Werken via de opdrachtregel

Ontdek hoe je de opdrachtregel gebruikt om ZXP-, CCX- of XDX-plug-ins voor je Adobe-app weer te geven, te installeren en te verwijderen in Windows en macOS.

Je kunt plug-ins installeren en verwijderen met behulp van Unified Plugin Installer Agent (UPIA). Dit opdrachtregelprogramma wordt automatisch geïnstalleerd met Creative Cloud desktop-app versie 5.5 en hoger. XDX- en CCX-installatie wordt ondersteund bij Creative Cloud desktop-app versie 5.7 en hoger.

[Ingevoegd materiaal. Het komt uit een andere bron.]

lemma orth_sum_eq:
  assumes "((i, b), t) \<in> G"
  shows "orth_sum ((i, b), t) =
    (((2 * i) mod int m, (2 * b + of_bool t + (if 2 * int n \<le> b then 2 * int n else 0)) mod (4 * int n)),
     t \<noteq> (2 * int n \<le> b))"
  using assms by (auto simp: orth_sum_def mem_G mod_simps mod_eq_dvd_iff algebra_simps)

lemma inj_on_orth_sum:
  assumes "odd m"
  shows "inj_on orth_sum G"
proof (rule inj_onI)
  fix x y assume "x \<in> G" "y \<in> G" and eq: "orth_sum x = orth_sum y"
  obtain i b t j c s where xy: "x = ((i, b), t)" "y = ((j, c), s)"
    by (metis prod.collapse)
  have x: "((i, b), t) \<in> G" and y: "((j, c), s) \<in> G"
    using \<open>x \<in> G\<close> \<open>y \<in> G\<close> xy by simp_all
  define \<beta> where "\<beta> b t = 2 * b + of_bool t + (if 2 * int n \<le> b then 2 * int n else 0)" for b t
  have i: "(2 * i) mod int m = (2 * j) mod int m"
    and \<beta>: "\<beta> b t mod (4 * int n) = \<beta> c s mod (4 * int n)"
    and half: "(t \<noteq> (2 * int n \<le> b)) = (s \<noteq> (2 * int n \<le> c))"
    using eq unfolding xy orth_sum_eq[OF x] orth_sum_eq[OF y] \<beta>_def by simp_all
  have parity: "even (\<beta> b t mod (4 * int n)) \<longleftrightarrow> \<not> t" for b t
    by (simp add: \<beta>_def even_mod_4_div_2 dvd_mod_iff)
  have "t = s"
    using parity[of b t] parity[of c s] \<beta> by simp
  with half have "(2 * int n \<le> b) = (2 * int n \<le> c)" by blast
  with \<beta> \<open>t = s\<close> have "2 * int n * 2 dvd (b - c) * 2"
    by (simp add: \<beta>_def mod_eq_dvd_iff algebra_simps split: if_splits)
  then have "2 * int n dvd b - c" by (metis dvd_mult_cancel_right zero_neq_numeral)
  moreover have "\<bar>b - c\<bar> < 2 * int n"
    using x y \<open>(2 * int n \<le> b) = (2 * int n \<le> c)\<close> by (auto simp: mem_G)
  ultimately have "b = c" by (rule eq_if_dvd_diff_less)
  moreover have "i = j"
    using i x y double_mod_eq_iff[OF assms] by (simp add: mem_G)
  ultimately show "x = y"
    using xy \<open>t = s\<close> by simp
qed

lemma bij_betw_orth_sum: "odd m \<Longrightarrow> bij_betw orth_sum G G"
  by (intro bij_betw_if_inj_on_endo finite_G inj_on_orth_sum) (auto simp: orth_sum_def add_closed)

lemma orth_sum_add_inv_orth: "z \<in> G \<Longrightarrow> orth_sum z \<oplus> inv (orth z) = z"
  by (simp add: orth_sum_def add_inv_cancel orth_closed del: inv.simps)

definition row_value :: "(gdih \<Rightarrow> gdih) list \<Rightarrow> gdih \<Rightarrow> gdih" where
  "row_value fs x = foldl (\<oplus>) gd_zero (map (\<lambda>f. f x) fs)"

lemma foldl_cancel_pairs:
  "a \<in> G \<Longrightarrow> x \<in> G \<Longrightarrow> foldl (\<oplus>) a (map (\<lambda>f. f x) (concat (replicate k [id, inv]))) = a"
  by (induction k) (simp_all add: add_inv_cancel del: inv.simps)

lemma foldl_closed: "a \<in> G \<Longrightarrow> foldl (\<oplus>) a xs \<in> G"
  by (induction xs arbitrary: a) (simp_all add: add_closed)

lemma row_value_append_pairs:
  "x \<in> G \<Longrightarrow> row_value (fs @ concat (replicate k [id, inv])) x = row_value fs x"
  by (simp add: row_value_def foldl_cancel_pairs foldl_closed zero_closed del: inv.simps)

lemma is_RSM_of_permutations:
  assumes "\<forall>f \<in> set fs. bij_betw f G G"
  shows "\<exists>M. is_RSM m n (length fs) (image_mset (\<lambda>x. gd_ord m n (row_value fs x)) (mset_set G)) M"
proof -
  obtain e where e: "bij_betw e {..<card G} G"
    using ex_bij_betw_nat_finite[OF finite_G] lessThan_atLeast0 by metis
  define M where "M i j = (fs ! j) (e i)" for i j
  have "bij_betw (\<lambda>i. M i j) {..<card G} G" if "j < length fs" for j
    using bij_betw_trans[OF e, of "fs ! j" G] assms that by (simp add: M_def comp_def)
  moreover have "row_sum m n M (length fs) i = row_value fs (e i)" for i
  proof -
    have "map (M i) [0..<length fs] = map (\<lambda>f. f (e i)) fs"
      by (rule nth_equalityI) (simp_all add: M_def)
    then show ?thesis
      by (simp add: row_sum_def row_value_def)
  qed
  then have "image_mset (\<lambda>i. gd_ord m n (row_sum m n M (length fs) i)) (mset [0..<card G])
      = image_mset (\<lambda>x. gd_ord m n (row_value fs x)) (image_mset e (mset_set {..<card G}))"
    by (simp add: image_mset.compositionality comp_def lessThan_atLeast0)
  moreover have "image_mset e (mset_set {..<card G}) = mset_set G"
    using e by (simp add: image_mset_mset_set bij_betw_def)
  ultimately show ?thesis
    unfolding is_RSM_def by auto
qed

end

locale twisted_rsm = gen_dihedral +
  assumes odd_m: "odd m" and n_ge_2: "2 \<le> n"
begin

definition r1 :: gdih where "r1 = ((0, int n - 1), False)"
definition r2 :: gdih where "r2 = ((0, 3 * int n - 2), True)"
definition r3 :: gdih where "r3 = ((1 mod int m, int n - 1), True)"

definition unit_rot :: gdih where "unit_rot = ((1 mod int m, 0), False)"

definition third_col :: "gdih \<Rightarrow> gdih" where
  "third_col x = inv (orth_sum (cycle3 r1 r2 r3 x)) \<oplus> unit_rot"

definition twisted_sum :: "gdih \<Rightarrow> gdih" where
  "twisted_sum x = x \<oplus> orth (cycle3 r1 r3 r2 x) \<oplus> third_col x"

lemma distinct_r: "distinct [r1, r2, r3]"
  using n_pos by (auto simp: r1_def r2_def r3_def)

Basisbeginselen van Unified Plugin Installer Agent voor de opdrachtregel

Volg deze stappen om plug-ins te beheren vanaf de opdrachtregel:

  1. De opdrachtregel openen:

    • Windows: Selecteer Start > Alle programma's > Accessoires > Opdrachtprompt.
    • macOS: Open de Terminal door te dubbelklikken op het bijbehorende pictogram in de map Programma's/Hulpprogramma's.
  2. Navigeer naar de applicatiemap van Unified Plugin Installer Agent. Je kunt de onderstaande bestandspaden rechtstreeks in de opdrachtprompt (Windows) of de Terminal (macOS) kopiëren en plakken:

    • Windows:   

    cd “C:\Program Files\Common Files\Adobe\Adobe Desktop Common\RemoteComponents\UPI\UnifiedPluginInstallerAgent“

    • macOS

    cd "/Bibliotheek/Application Support/Adobe/Adobe Desktop Common/RemoteComponents/UPI/UnifiedPluginInstallerAgent/UnifiedPluginInstallerAgent.app/Contents/MacOS"

  3. Voer op de opdrachtregel het uitvoerbare bestand als volgt in:

    • Windows: UnifiedPluginInstallerAgent.exe
    • macOS: ./UnifiedPluginInstallerAgent
  4. Typ na de naam van het uitvoerbare bestand de gewenste opdracht.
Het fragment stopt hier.